Like trout irresistibly drawn to flashy lures, the liberal media are always a good bet to get themselves in trouble when the subject of inequality is dangled before them. It happened again the other day when the Census Bureau released income data for 2004. Instantly in high-dudgeon mode, New York Times editorialists noted that the report showed income inequality near alltime highs, then added: "Income inequality is an economic and social ill, but the Administration and the congressional majority don't seem to recognize that."
Given the editorialists' recurring objections to George Bush's tax cuts, their implication here was clear: The Bush Administration has been especially awful in creating inequality. That implication is wrong. The reality is that measured inequality has been rising steadily for close to 30 years and hit successive new highs in the Carter, Reagan, elder Bush and Clinton administrations before doing the exact same thing under the younger Bush.
Getting to Gini
That dotted line depicts the unreal world of perfect equality.
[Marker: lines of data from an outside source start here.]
theorem theorem3p1:
  fixes M :: "real^'m^'m" and A :: "real^'n^'m" and C :: "real^'n^'n"
    and N :: "real^'n^'n" and b :: "real^'n" and k :: nat
  assumes "sym_pos_def_mat M"
    and "CARD('n) \<le> CARD('m)"
    and "rank A = CARD('n)"
    and "sym_pos_semidef_mat C"
    and "b \<noteq> 0"
    and "sym_pos_def_mat N"
    and "craig_defined M A C N b k"
  shows "craig_p M A C N b k \<in> krylov (schur M A C) N b k
    \<and> (\<forall>x \<in> krylov (schur M A C) N b k.
          (- b - schur M A C *v craig_p M A C N b k) \<bullet> x = 0)
    \<and> (\<forall>p \<in> krylov (schur M A C) N b k.
          (\<forall>x \<in> krylov (schur M A C) N b k. (- b - schur M A C *v p) \<bullet> x = 0)
          \<longrightarrow> p = craig_p M A C N b k)
    \<and> craig_u M A C N b k = - (matrix_inv M *v (A *v craig_p M A C N b k))"
proof -
  have "inj ((*v) A)"
    using assms(3) full_rank_injective by blast
  interpret craig_setting M A C N b
    by (rule craig_setting.intro) fact+
  define i where "i = k - 1"
  have k: "k = Suc i" and beta: "\<And>j. j < i \<Longrightarrow> \<beta> j \<noteq> 0"
    using assms(7) by (simp_all add: craig_defined_def i_def less_diff_conv)
  have p_in: "p i \<in> K k" and residual_orth: "\<forall>x\<in>K k. (- b - S *v p i) \<bullet> x = 0"
    using p_in_krylov residual_orthogonal_krylov[OF beta] by (simp_all add: k)
  have S_pos: "\<And>x. x \<noteq> 0 \<Longrightarrow> 0 < x \<bullet> (S *v x)"
    using S_spd by (simp add: sym_pos_def_mat_def)
  have "subspace (K k)"
    by (simp add: krylov_def)
  then have unique: "\<forall>p'\<in>K k. (\<forall>x\<in>K k. (- b - S *v p') \<bullet> x = 0) \<longrightarrow> p' = p i"
    using galerkin_solution_unique[OF S_pos _ _ p_in _ residual_orth] by auto
  have "craig_p M A C N b k = p i" "craig_u M A C N b k = u i"
    by (simp_all add: craig_p_def craig_u_def k)
  then show ?thesis
    by (simp only:) (intro conjI p_in residual_orth unique craig_u)
qed

end
text \<open>Writing lambda = mu(d0, d1, dj) one finds d0 = n + omega, d1 - dj = c and
  p c - omega = (q - p) dj, so Lambda consists of the (n, c, omega) with -n \<le> omega \<le> min (p c) (q c)
  and omega \<equiv> p c mod (q - p).  Two points of Lambda over the same (n, c) differ by k (q - p) in
  omega, and their monomials differ by trading (X1 Xj)^k for X0^(k (q - p)); this gives (i).
  Adding mu(m p, m, 0) = (0, m, p m) raises c by m and multiplies f by X0^(m p) X1^m, so modulo
  X0^(q - p) - X1 Xj every f over (n, d) is a power of X0^(m p) X1^m times the one with the least c;
  this gives (ii) and (iii).  Adding mu(0, a q, a p) = (0, a (q - p), 0) multiplies f by
  X1^(a q) Xj^(a p) and fixes n and omega, which gives (iv).  Finally
  omega_(n,c) = ((p c + n) mod (q - p)) - n depends only on c mod (q - p), which gives (v).\<close>

lemma mono3_mult: "mono3 a b c * mono3 a' b' c' = mono3 (a + a') (b + b') (c + c')"
  by (simp add: mono3_def mult_monom)

lemma mono3_power: "mono3 a b c ^ k = mono3 (a * k) (b * k) (c * k)"
  by (simp add: mono3_def monom_power)

lemma mono3_eq_powers: "mono3 a b c = X0 ^ a * X1 ^ b * Xj ^ c"
  by (simp add: X0_def X1_def Xj_def mono3_power mono3_mult)

lemma dvd_mult_power_diff:
  fixes x y z :: "'a::comm_ring_1"
  shows "x - y dvd z * x ^ k - z * y ^ k"
proof -
  have "x - y dvd x ^ k - y ^ k"
    by (simp add: power_diff_sumr2)
  then show ?thesis
    by (metis dvd_mult right_diff_distrib)
qed

lemma dvd_diff_swap: "(a::'a::comm_ring_1) dvd b - c \<longleftrightarrow> a dvd c - b"
  by (metis dvd_minus_iff minus_diff_eq)

lemma in_ideal1_iff_dvd: "in_ideal1 f g \<longleftrightarrow> g dvd f"
  by (auto simp: in_ideal1_def dvd_def mult.commute)

lemma in_ideal2_add: "g dvd a \<Longrightarrow> h dvd b \<Longrightarrow> in_ideal2 (a + b) g h"
  by (auto simp: in_ideal2_def dvd_def mult.commute)

lemma in_ideal2_diff_swap: "in_ideal2 (f - f') g h \<Longrightarrow> in_ideal2 (f' - f) g h"
  unfolding in_ideal2_def by (metis minus_diff_eq minus_add_distrib mult_minus_left)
The solid line depicts reality in 2004, with half of U.S. family income going to the top 20%. The Gini coefficient, 0.466, is defined to equal twice the shaded area.
![click to view fullsize image](https://images.forbes.com/images/forbes/2005/1010/064.gif)
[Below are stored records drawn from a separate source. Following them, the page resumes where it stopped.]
text \<open>Equality in the bound
  forces equality in both estimates: the product part gives |x_j| = a_j / m on S (hence
  mass 1 on S and x = 0 off S), and |x_{j_1} + ...| = 1 forces a common phase c = sgn s.\<close>

lemma maximizer_is_extremal_point:
  fixes x :: "'n::finite \<Rightarrow> 'a::{real_normed_field, real_inner}"
  assumes m: "m \<ge> 1" and x: "x \<in> l1ball" and attained: "norm (Qpoly m js x) = 1 + max_prod m js"
  shows "\<exists>c. norm c = 1 \<and> x = extremal_point m js c"
proof -
  let ?S = "js ` {1..m}"
  define s where "s = (\<Sum>j\<in>?S. x j)"
  have total: "(\<Sum>j\<in>?S. norm (x j)) \<le> 1" using x by (rule l1ball_partial_sum_le)
  have ns: "norm s \<le> (\<Sum>j\<in>?S. norm (x j))" unfolding s_def by (rule norm_sum)
  have prod_le: "(\<Prod>k=1..m. norm (x (js k))) \<le> max_prod m js"
    using prod_le_max_prod(1)[OF m _ total] by simp
  have "norm s ^ m \<le> norm s" using ns total m by (intro power_decreasing[of 1, simplified]) auto
  with attained Qpoly_norm_le[of m js x] prod_le ns total
  have prod_eq: "(\<Prod>k=1..m. norm (x (js k))) = max_prod m js" and norm_s: "norm s = 1"
    unfolding s_def by auto
  have full: "(\<Sum>j\<in>?S. norm (x j)) = 1" using norm_s ns total by simp
  have weights: "norm (x (js k)) = index_count m js (js k) / m" if "k \<in> {1..m}" for k
    using prod_le_max_prod(2)[OF m _ total] prod_eq that by simp
  show ?thesis
  proof (intro exI conjI)
    show "norm (sgn s) = 1" using norm_s by (auto simp: norm_sgn)
    show "x = extremal_point m js (sgn s)"
    proof
      fix i show "x i = extremal_point m js (sgn s) i"
      proof (cases "i \<in> ?S")
        case True
        then obtain k where k: "k \<in> {1..m}" "i = js k" by blast
        have "x i = norm (x i) *\<^sub>R sgn s"
          using norm_sum_eq_sum_norm_imp_aligned[of ?S x i] full norm_s True unfolding s_def by simp
        then show ?thesis using weights[OF k(1)] k(2)
          by (simp add: extremal_point_def scaleR_conv_of_real field_simps)
      next
        case False
        then show ?thesis
          using l1ball_support[OF x full False] index_count_zero[OF False] by (simp add: extremal_point_def)
      qed
    qed
  qed
qed

lemma Qpoly_maximizer_iff:
  fixes x :: "'n::finite \<Rightarrow> 'a::{real_normed_field, real_inner}"
  assumes m: "m \<ge> 1" and x: "x \<in> l1ball"
  shows "norm (Qpoly m js x) = pnorm (Qpoly m js) \<longleftrightarrow> (\<exists>c. norm c = 1 \<and> x = extremal_point m js c)"
  using maximizer_is_extremal_point[OF m x] norm_Qpoly_extremal_point[OF m]
  by (auto simp: pnorm_Qpoly[OF m])

lemma continuous_on_Qpoly:
  "continuous_on UNIV (Qpoly m js :: ('n::finite \<Rightarrow> 'a::real_normed_field) \<Rightarrow> 'a)"
  unfolding Qpoly_def coordf_def by (intro continuous_intros continuous_on_product_coordinates)

lemma strongly_attains_Qpoly:
  fixes js :: "nat \<Rightarrow> 'n::finite"
  assumes m: "m \<ge> 1"
  shows "strongly_attains (Qpoly m js :: ('n \<Rightarrow> 'a::{real_normed_field, euclidean_space}) \<Rightarrow> 'a)
           (extremal_point m js 1)"
  unfolding strongly_attains_def
proof (intro conjI allI impI)
  have x0: "(extremal_point m js 1 :: 'n \<Rightarrow> 'a) \<in> l1ball"
    by (rule extremal_point_in_l1ball[OF m]) simp
  then show "extremal_point m js 1 \<in> (l1ball :: ('n \<Rightarrow> 'a) set)" .
  have "norm (Qpoly m js (extremal_point m js 1 :: 'n \<Rightarrow> 'a)) = 1 + max_prod m js"
    by (rule norm_Qpoly_extremal_point[OF m]) simp
  then show "\<exists>y\<in>l1ball. Qpoly m js (y :: 'n \<Rightarrow> 'a) \<noteq> 0"
    using x0 max_prod_pos[OF m, of js] by (intro bexI[of _ "extremal_point m js 1"]) auto
  fix xs :: "nat \<Rightarrow> 'n \<Rightarrow> 'a"
  assume "(\<forall>n. xs n \<in> l1ball) \<and>
    (\<lambda>n. norm (Qpoly m js (xs n))) \<longlonglongrightarrow> pnorm (Qpoly m js :: ('n \<Rightarrow> 'a) \<Rightarrow> 'a)"
  then have xs: "\<And>n. xs n \<in> l1ball"
    and lim: "(\<lambda>n. norm (Qpoly m js (xs n))) \<longlonglongrightarrow> pnorm (Qpoly m js :: ('n \<Rightarrow> 'a) \<Rightarrow> 'a)"
    by auto
  have cont: "continuous_on l1ball (\<lambda>x. norm (Qpoly m js x :: 'a))"
    using continuous_on_subset[OF continuous_on_norm[OF continuous_on_Qpoly]] by blast
  have "\<exists>l r. l \<in> l1ball \<and> strict_mono r \<and> (xs \<circ> r) \<longlonglongrightarrow> l \<and>
      norm (Qpoly m js l) = pnorm (Qpoly m js :: ('n \<Rightarrow> 'a) \<Rightarrow> 'a)"
    by (rule maximizing_sequence_subseq[OF compact_l1ball cont]) (use xs lim in auto)
  then obtain l r where l: "l \<in> l1ball" and r: "strict_mono r" and conv: "(xs \<circ> r) \<longlonglongrightarrow> l"
    and l_max: "norm (Qpoly m js l) = pnorm (Qpoly m js :: ('n \<Rightarrow> 'a) \<Rightarrow> 'a)"
    by blast
  obtain c :: 'a where c: "norm c = 1" and lc: "l = extremal_point m js c"
    using Qpoly_maximizer_iff[OF m l] l_max by blast
  have "l i = c * extremal_point m js 1 i" for i unfolding lc extremal_point_def by simp
  then have "(\<lambda>n. l1norm (\<lambda>i. xs (r n) i - c * extremal_point m js 1 i)) \<longlonglongrightarrow> 0"
    using l1norm_dist_tendsto_zero[OF conv] by (simp add: o_def)
  with c r show "\<exists>c::'a. norm c = 1 \<and> (\<exists>r. strict_mono r \<and>
      (\<lambda>n. l1norm (\<lambda>i. xs (r n) i - c * extremal_point m js 1 i)) \<longlonglongrightarrow> 0)" by blast
qed
lemma norm_indep_root_le:
  fixes z :: "'b::real_normed_field"
  assumes "finite V" "symp E" "irreflp E" "indep_sum E V z = 0"
  shows "norm z \<le> 2 * real (card (maximal_indep_sets E V)) * real (card V)"
proof -
  let ?I = "indep_sets E V" and ?K = "card (maximal_indep_sets E V)"
  let ?i = "\<lambda>j. card {S \<in> ?I. card S = j}"
  define d where "d = Max (card ` ?I)"
  have "{} \<in> ?I" and fin_I: "finite ?I"
    using assms(1) by (auto simp: indep_sets_def finite_indep_sets)
  then have d_max: "card S \<le> d" if "S \<in> ?I" for S
    using that by (simp add: d_def)
  have "d \<in> card ` ?I"
    unfolding d_def using fin_I \<open>{} \<in> ?I\<close> by (intro Max_in) auto
  then obtain S0 where "S0 \<in> ?I" "card S0 = d"
    by blast
  then have "?i d \<ge> 1" and "d \<le> card V"
    using fin_I assms(1) by (auto simp: Suc_le_eq card_gt_0_iff indep_sets_def intro!: card_mono)
  have "?K \<ge> 1"
    using indep_set_subset_maximal[OF assms(1-3) \<open>{} \<in> ?I\<close>] finite_maximal_indep_sets[OF assms(1)]
    by (auto simp: Suc_le_eq card_gt_0_iff)
  have "?i j \<le> (?K * d) ^ (d - j)" if "j < d" for j
  proof -
    have "?i j \<le> ?K * (d choose (d - j))"
      using card_indep_sets_of_card_le[OF assms(1-3) d_max] that
      by (metis binomial_symmetric less_imp_le)
    also have "\<dots> \<le> ?K ^ (d - j) * d ^ (d - j)"
      using \<open>?K \<ge> 1\<close> that by (intro mult_le_mono self_le_power binomial_le_pow) auto
    finally show ?thesis
      by (simp add: power_mult_distrib)
  qed
  moreover have "(\<Sum>j\<le>d. of_nat (?i j) * z ^ j) = 0"
    using assms(4) indep_sum_by_card[of V E d z] assms(1) d_max by simp
  ultimately have "norm z \<le> 2 * real (?K * d)"
    using \<open>?i d \<ge> 1\<close>
    by (intro norm_root_le_twice_coeff_ratio[where a = "\<lambda>j. of_nat (?i j)"])
      (simp_all del: of_nat_mult flip: of_nat_power)
  also have "\<dots> \<le> 2 * real ?K * real (card V)"
    using \<open>d \<le> card V\<close> by (simp add: mult_left_mono)
  finally show ?thesis .
qed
The standard measure of inequality is the Gini coefficient, signifying the extent to which a society deviates from absolute equality. If everybody has the same income, the coefficient is 0; if the entire GDP belongs to one person, the coefficient is 1. In the U.S. the latest reported coefficient is 0.466. In case you are wondering, it rose more under Clinton--from 0.433 to 0.462--than under any of those other chaps. It rose by only 0.004 during George W. Bush's first four years. In case you are also wondering how many times Times editorialists complained about Clinton's inequality record, the answer is zero. The Washington Post has been equally tendentious, and at one point (Sept. 25, 1998) it ran a front-page story on the 1997 income report in which it stated firmly that the census data showed "income inequality did not increase," even though the data clearly pointed to a substantial one-year increase of 0.004. There was no correction.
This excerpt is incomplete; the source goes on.